(* Let $p$ be a prime, $n,e$ positive integers, and $u_{p,n,e}:\{1,\dots,n\}\to\mathbb{N}$, $u_{p,n,e}(k)=e\,\nu_p\binom{n}{k}+k$. Write $\ell=\log_p\frac{e}{p-1}$. Then the minimum value of $u_{p,n,e}$ is attained exactly at: (a) $k\in\{\frac{e}{p-1},\frac{pe}{p-1}\}$, if $\ell$ is an integer and $\ell<\nu_p(n)$; the minimum value is then $e\big(\nu_p(n)+\frac1{p-1}-\ell\big)$; (b) $k=p^{\nu_p(n)}$, if either $\ell$ is an integer with $\ell\ge\nu_p(n)$, or $\ell$ is not an integer and $\lceil\ell\rceil>\nu_p(n)$; the minimum value is then $p^{\nu_p(n)}$; (c) $k=p^{\lceil\ell\rceil}$, if $\ell$ is not an integer and $\lceil\ell\rceil\le\nu_p(n)$; the minimum value is then $e(\nu_p(n)-\lceil\ell\rceil)+p^{\lceil\ell\rceil}$.
   Context: $\nu_p$ denotes the $p$-adic valuation. *)

theory Defs
  imports Complex_Main "HOL-Computational_Algebra.Primes"
begin

definition u :: "nat \<Rightarrow> nat \<Rightarrow> nat \<Rightarrow> nat \<Rightarrow> nat" where
  "u p n e k = e * multiplicity p (n choose k) + k"

definition minval :: "nat \<Rightarrow> nat \<Rightarrow> nat \<Rightarrow> nat" where
  "minval p n e = Min (u p n e ` {1..n})"

definition argmins :: "nat \<Rightarrow> nat \<Rightarrow> nat \<Rightarrow> nat set" where
  "argmins p n e = {k \<in> {1..n}. u p n e k = minval p n e}"

definition ell :: "nat \<Rightarrow> nat \<Rightarrow> real" where
  "ell p e = log (real p) (real e / (real p - 1))"

end

theory Submission
  imports Defs
begin

text \<open>Let \<open>v = \<nu>\<^sub>p(n)\<close>. Since \<open>p\<^sup>v\<close> divides \<open>n\<close>, the factors \<open>n - i\<close> and \<open>i\<close> have the same
  valuation for \<open>0 < i < p\<^sup>v\<close>, so \<open>\<nu>\<^sub>p(n choose k) = v - \<nu>\<^sub>p(k)\<close> for \<open>1 \<le> k \<le> p\<^sup>v\<close>. Hence with
  \<open>j = \<nu>\<^sub>p(k)\<close> we get \<open>u(k) = e(v - j) + k \<ge> e(v - j) + p\<^sup>j = u(p\<^sup>j)\<close>, while \<open>u(k) \<ge> k > p\<^sup>v = u(p\<^sup>v)\<close>
  for \<open>k > p\<^sup>v\<close>. It remains to minimise the convex profile \<open>j \<mapsto> e(v - j) + p\<^sup>j\<close> over
  \<open>0 \<le> j \<le> v\<close>: its increments \<open>p\<^sup>j(p - 1) - e\<close> become nonnegative exactly from \<open>j = \<lceil>\<ell>\<rceil>\<close> on,
  and the increment at \<open>\<lceil>\<ell>\<rceil>\<close> vanishes exactly when \<open>\<ell>\<close> is an integer, which produces the
  second minimiser \<open>p\<^bsup>\<ell>+1\<^esup>\<close>.\<close>

lemma fact_mult_binomial: "fact k * (n choose k) = (\<Prod>i<k. n - i)"
proof (induction k arbitrary: n)
  case 0
  then show ?case by simp
next
  case (Suc k)
  show ?case
  proof (cases n)
    case 0
    then show ?thesis by (simp add: prod.lessThan_Suc_shift)
  next
    case (Suc m)
    have "fact (Suc k) * (n choose Suc k) = fact k * (Suc k * (Suc m choose Suc k))"
      by (simp add: Suc algebra_simps)
    also have "\<dots> = Suc m * (fact k * (m choose k))"
      by (simp only: Suc_times_binomial) (simp add: algebra_simps)
    also have "\<dots> = (\<Prod>i<Suc k. n - i)"
      unfolding Suc.IH Suc by (subst prod.lessThan_Suc_shift) simp
    finally show ?thesis .
  qed
qed

lemma multiplicity_diff_eq:
  fixes p n i v :: nat
  assumes "prime p" "p ^ v dvd n" "0 < i" "i < p ^ v" "i \<le> n"
  shows "multiplicity p (n - i) = multiplicity p i"
proof -
  define t where "t = multiplicity p i"
  have ti: "p ^ t dvd i"
    unfolding t_def by (rule multiplicity_dvd)
  have not_ti: "\<not> p ^ Suc t dvd i"
  proof
    assume "p ^ Suc t dvd i"
    moreover have "i \<noteq> 0" "\<not> is_unit p"
      using assms(1,3) by auto
    ultimately have "Suc t \<le> multiplicity p i"
      by (intro multiplicity_geI)
    then show False
      using t_def by simp
  qed
  have "t < v"
  proof (rule ccontr)
    assume "\<not> t < v"
    then have "p ^ v dvd i"
      using ti by (meson dvd_trans le_imp_power_dvd not_less)
    then show False
      using assms(3,4) by (simp add: nat_dvd_not_less)
  qed
  then have "p ^ Suc t dvd n"
    using assms(2) by (meson Suc_leI dvd_trans le_imp_power_dvd)
  have "p ^ t dvd n - i"
    using \<open>p ^ Suc t dvd n\<close> ti by (metis dvd_diff_nat dvd_mult_right power_Suc)
  moreover have "\<not> p ^ Suc t dvd n - i"
    using \<open>p ^ Suc t dvd n\<close> not_ti assms(5) by (metis diff_diff_cancel dvd_diff_nat)
  ultimately show ?thesis
    using multiplicity_eqI t_def by metis
qed

lemma multiplicity_binomial_add:
  fixes p n k :: nat
  assumes p: "prime p" and "n > 0" and k: "1 \<le> k" "k \<le> p ^ multiplicity p n"
  shows "multiplicity p (n choose k) + multiplicity p k = multiplicity p n"
proof -
  define v where "v = multiplicity p n"
  have dv: "p ^ v dvd n"
    unfolding v_def by (rule multiplicity_dvd)
  then have kn: "k \<le> n"
    using \<open>n > 0\<close> k v_def by (metis dvd_imp_le order_trans)
  have pe: "prime_elem p"
    using p by simp
  have "multiplicity p (fact k :: nat) + multiplicity p (n choose k)
        = multiplicity p (\<Prod>i<k. n - i)"
    using kn by (simp add: prime_elem_multiplicity_mult_distrib[OF pe] fact_mult_binomial[symmetric])
  also have "\<dots> = (\<Sum>i<k. multiplicity p (n - i))"
    using kn by (intro prime_elem_multiplicity_prod_distrib[OF pe]) auto
  also have "\<dots> = v + (\<Sum>i\<in>{1..<k}. multiplicity p (n - i))"
    using k by (simp add: v_def lessThan_atLeast0 sum.atLeast_Suc_lessThan)
  also have "(\<Sum>i\<in>{1..<k}. multiplicity p (n - i)) = (\<Sum>i\<in>{1..<k}. multiplicity p i)"
    using multiplicity_diff_eq[OF p dv] k kn v_def by (intro sum.cong) auto
  finally have binom: "multiplicity p (fact k :: nat) + multiplicity p (n choose k)
      = v + (\<Sum>i\<in>{1..<k}. multiplicity p i)" .
  have "multiplicity p (fact k :: nat) = (\<Sum>i\<in>{1..k}. multiplicity p i)"
    using prime_elem_multiplicity_prod_distrib[OF pe, of "\<lambda>i. i" "{1..k}"] by (simp add: fact_prod)
  also have "\<dots> = multiplicity p k + (\<Sum>i\<in>{1..<k}. multiplicity p i)"
    using k by (simp add: atLeastLessThanSuc_atLeastAtMost[symmetric] add.commute)
  finally show ?thesis
    using binom v_def by simp
qed

definition profile :: "nat \<Rightarrow> nat \<Rightarrow> nat \<Rightarrow> nat \<Rightarrow> int" where
  "profile p e v j = int e * (int v - int j) + int (p ^ j)"

lemma profile_Suc:
  assumes "p > 0"
  shows "profile p e v (Suc t) = profile p e v t + int (p ^ t * (p - 1)) - int e"
  using assms by (simp add: profile_def of_nat_diff algebra_simps)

Problem statement: Write each record out again exactly.

Task result:
(* Let $p$ be a prime, $n,e$ positive integers, and $u_{p,n,e}:\{1,\dots,n\}\to\mathbb{N}$, $u_{p,n,e}(k)=e\,\nu_p\binom{n}{k}+k$. Write $\ell=\log_p\frac{e}{p-1}$. Then the minimum value of $u_{p,n,e}$ is attained exactly at: (a) $k\in\{\frac{e}{p-1},\frac{pe}{p-1}\}$, if $\ell$ is an integer and $\ell<\nu_p(n)$; the minimum value is then $e\big(\nu_p(n)+\frac1{p-1}-\ell\big)$; (b) $k=p^{\nu_p(n)}$, if either $\ell$ is an integer with $\ell\ge\nu_p(n)$, or $\ell$ is not an integer and $\lceil\ell\rceil>\nu_p(n)$; the minimum value is then $p^{\nu_p(n)}$; (c) $k=p^{\lceil\ell\rceil}$, if $\ell$ is not an integer and $\lceil\ell\rceil\le\nu_p(n)$; the minimum value is then $e(\nu_p(n)-\lceil\ell\rceil)+p^{\lceil\ell\rceil}$.
   Context: $\nu_p$ denotes the $p$-adic valuation. *)

theory Defs
  imports Complex_Main "HOL-Computational_Algebra.Primes"
begin

definition u :: "nat \<Rightarrow> nat \<Rightarrow> nat \<Rightarrow> nat \<Rightarrow> nat" where
  "u p n e k = e * multiplicity p (n choose k) + k"

definition minval :: "nat \<Rightarrow> nat \<Rightarrow> nat \<Rightarrow> nat" where
  "minval p n e = Min (u p n e ` {1..n})"

definition argmins :: "nat \<Rightarrow> nat \<Rightarrow> nat \<Rightarrow> nat set" where
  "argmins p n e = {k \<in> {1..n}. u p n e k = minval p n e}"

definition ell :: "nat \<Rightarrow> nat \<Rightarrow> real" where
  "ell p e = log (real p) (real e / (real p - 1))"

end

theory Submission
  imports Defs
begin

text \<open>Let \<open>v = \<nu>\<^sub>p(n)\<close>. Since \<open>p\<^sup>v\<close> divides \<open>n\<close>, the factors \<open>n - i\<close> and \<open>i\<close> have the same
  valuation for \<open>0 < i < p\<^sup>v\<close>, so \<open>\<nu>\<^sub>p(n choose k) = v - \<nu>\<^sub>p(k)\<close> for \<open>1 \<le> k \<le> p\<^sup>v\<close>. Hence with
  \<open>j = \<nu>\<^sub>p(k)\<close> we get \<open>u(k) = e(v - j) + k \<ge> e(v - j) + p\<^sup>j = u(p\<^sup>j)\<close>, while \<open>u(k) \<ge> k > p\<^sup>v = u(p\<^sup>v)\<close>
  for \<open>k > p\<^sup>v\<close>. It remains to minimise the convex profile \<open>j \<mapsto> e(v - j) + p\<^sup>j\<close> over
  \<open>0 \<le> j \<le> v\<close>: its increments \<open>p\<^sup>j(p - 1) - e\<close> become nonnegative exactly from \<open>j = \<lceil>\<ell>\<rceil>\<close> on,
  and the increment at \<open>\<lceil>\<ell>\<rceil>\<close> vanishes exactly when \<open>\<ell>\<close> is an integer, which produces the
  second minimiser \<open>p\<^bsup>\<ell>+1\<^esup>\<close>.\<close>

lemma fact_mult_binomial: "fact k * (n choose k) = (\<Prod>i<k. n - i)"
proof (induction k arbitrary: n)
  case 0
  then show ?case by simp
next
  case (Suc k)
  show ?case
  proof (cases n)
    case 0
    then show ?thesis by (simp add: prod.lessThan_Suc_shift)
  next
    case (Suc m)
    have "fact (Suc k) * (n choose Suc k) = fact k * (Suc k * (Suc m choose Suc k))"
      by (simp add: Suc algebra_simps)
    also have "\<dots> = Suc m * (fact k * (m choose k))"
      by (simp only: Suc_times_binomial) (simp add: algebra_simps)
    also have "\<dots> = (\<Prod>i<Suc k. n - i)"
      unfolding Suc.IH Suc by (subst prod.lessThan_Suc_shift) simp
    finally show ?thesis .
  qed
qed

lemma multiplicity_diff_eq:
  fixes p n i v :: nat
  assumes "prime p" "p ^ v dvd n" "0 < i" "i < p ^ v" "i \<le> n"
  shows "multiplicity p (n - i) = multiplicity p i"
proof -
  define t where "t = multiplicity p i"
  have ti: "p ^ t dvd i"
    unfolding t_def by (rule multiplicity_dvd)
  have not_ti: "\<not> p ^ Suc t dvd i"
  proof
    assume "p ^ Suc t dvd i"
    moreover have "i \<noteq> 0" "\<not> is_unit p"
      using assms(1,3) by auto
    ultimately have "Suc t \<le> multiplicity p i"
      by (intro multiplicity_geI)
    then show False
      using t_def by simp
  qed
  have "t < v"
  proof (rule ccontr)
    assume "\<not> t < v"
    then have "p ^ v dvd i"
      using ti by (meson dvd_trans le_imp_power_dvd not_less)
    then show False
      using assms(3,4) by (simp add: nat_dvd_not_less)
  qed
  then have "p ^ Suc t dvd n"
    using assms(2) by (meson Suc_leI dvd_trans le_imp_power_dvd)
  have "p ^ t dvd n - i"
    using \<open>p ^ Suc t dvd n\<close> ti by (metis dvd_diff_nat dvd_mult_right power_Suc)
  moreover have "\<not> p ^ Suc t dvd n - i"
    using \<open>p ^ Suc t dvd n\<close> not_ti assms(5) by (metis diff_diff_cancel dvd_diff_nat)
  ultimately show ?thesis
    using multiplicity_eqI t_def by metis
qed

lemma multiplicity_binomial_add:
  fixes p n k :: nat
  assumes p: "prime p" and "n > 0" and k: "1 \<le> k" "k \<le> p ^ multiplicity p n"
  shows "multiplicity p (n choose k) + multiplicity p k = multiplicity p n"
proof -
  define v where "v = multiplicity p n"
  have dv: "p ^ v dvd n"
    unfolding v_def by (rule multiplicity_dvd)
  then have kn: "k \<le> n"
    using \<open>n > 0\<close> k v_def by (metis dvd_imp_le order_trans)
  have pe: "prime_elem p"
    using p by simp
  have "multiplicity p (fact k :: nat) + multiplicity p (n choose k)
        = multiplicity p (\<Prod>i<k. n - i)"
    using kn by (simp add: prime_elem_multiplicity_mult_distrib[OF pe] fact_mult_binomial[symmetric])
  also have "\<dots> = (\<Sum>i<k. multiplicity p (n - i))"
    using kn by (intro prime_elem_multiplicity_prod_distrib[OF pe]) auto
  also have "\<dots> = v + (\<Sum>i\<in>{1..<k}. multiplicity p (n - i))"
    using k by (simp add: v_def lessThan_atLeast0 sum.atLeast_Suc_lessThan)
  also have "(\<Sum>i\<in>{1..<k}. multiplicity p (n - i)) = (\<Sum>i\<in>{1..<k}. multiplicity p i)"
    using multiplicity_diff_eq[OF p dv] k kn v_def by (intro sum.cong) auto
  finally have binom: "multiplicity p (fact k :: nat) + multiplicity p (n choose k)
      = v + (\<Sum>i\<in>{1..<k}. multiplicity p i)" .
  have "multiplicity p (fact k :: nat) = (\<Sum>i\<in>{1..k}. multiplicity p i)"
    using prime_elem_multiplicity_prod_distrib[OF pe, of "\<lambda>i. i" "{1..k}"] by (simp add: fact_prod)
  also have "\<dots> = multiplicity p k + (\<Sum>i\<in>{1..<k}. multiplicity p i)"
    using k by (simp add: atLeastLessThanSuc_atLeastAtMost[symmetric] add.commute)
  finally show ?thesis
    using binom v_def by simp
qed

definition profile :: "nat \<Rightarrow> nat \<Rightarrow> nat \<Rightarrow> nat \<Rightarrow> int" where
  "profile p e v j = int e * (int v - int j) + int (p ^ j)"

lemma profile_Suc:
  assumes "p > 0"
  shows "profile p e v (Suc t) = profile p e v t + int (p ^ t * (p - 1)) - int e"
  using assms by (simp add: profile_def of_nat_diff algebra_simps)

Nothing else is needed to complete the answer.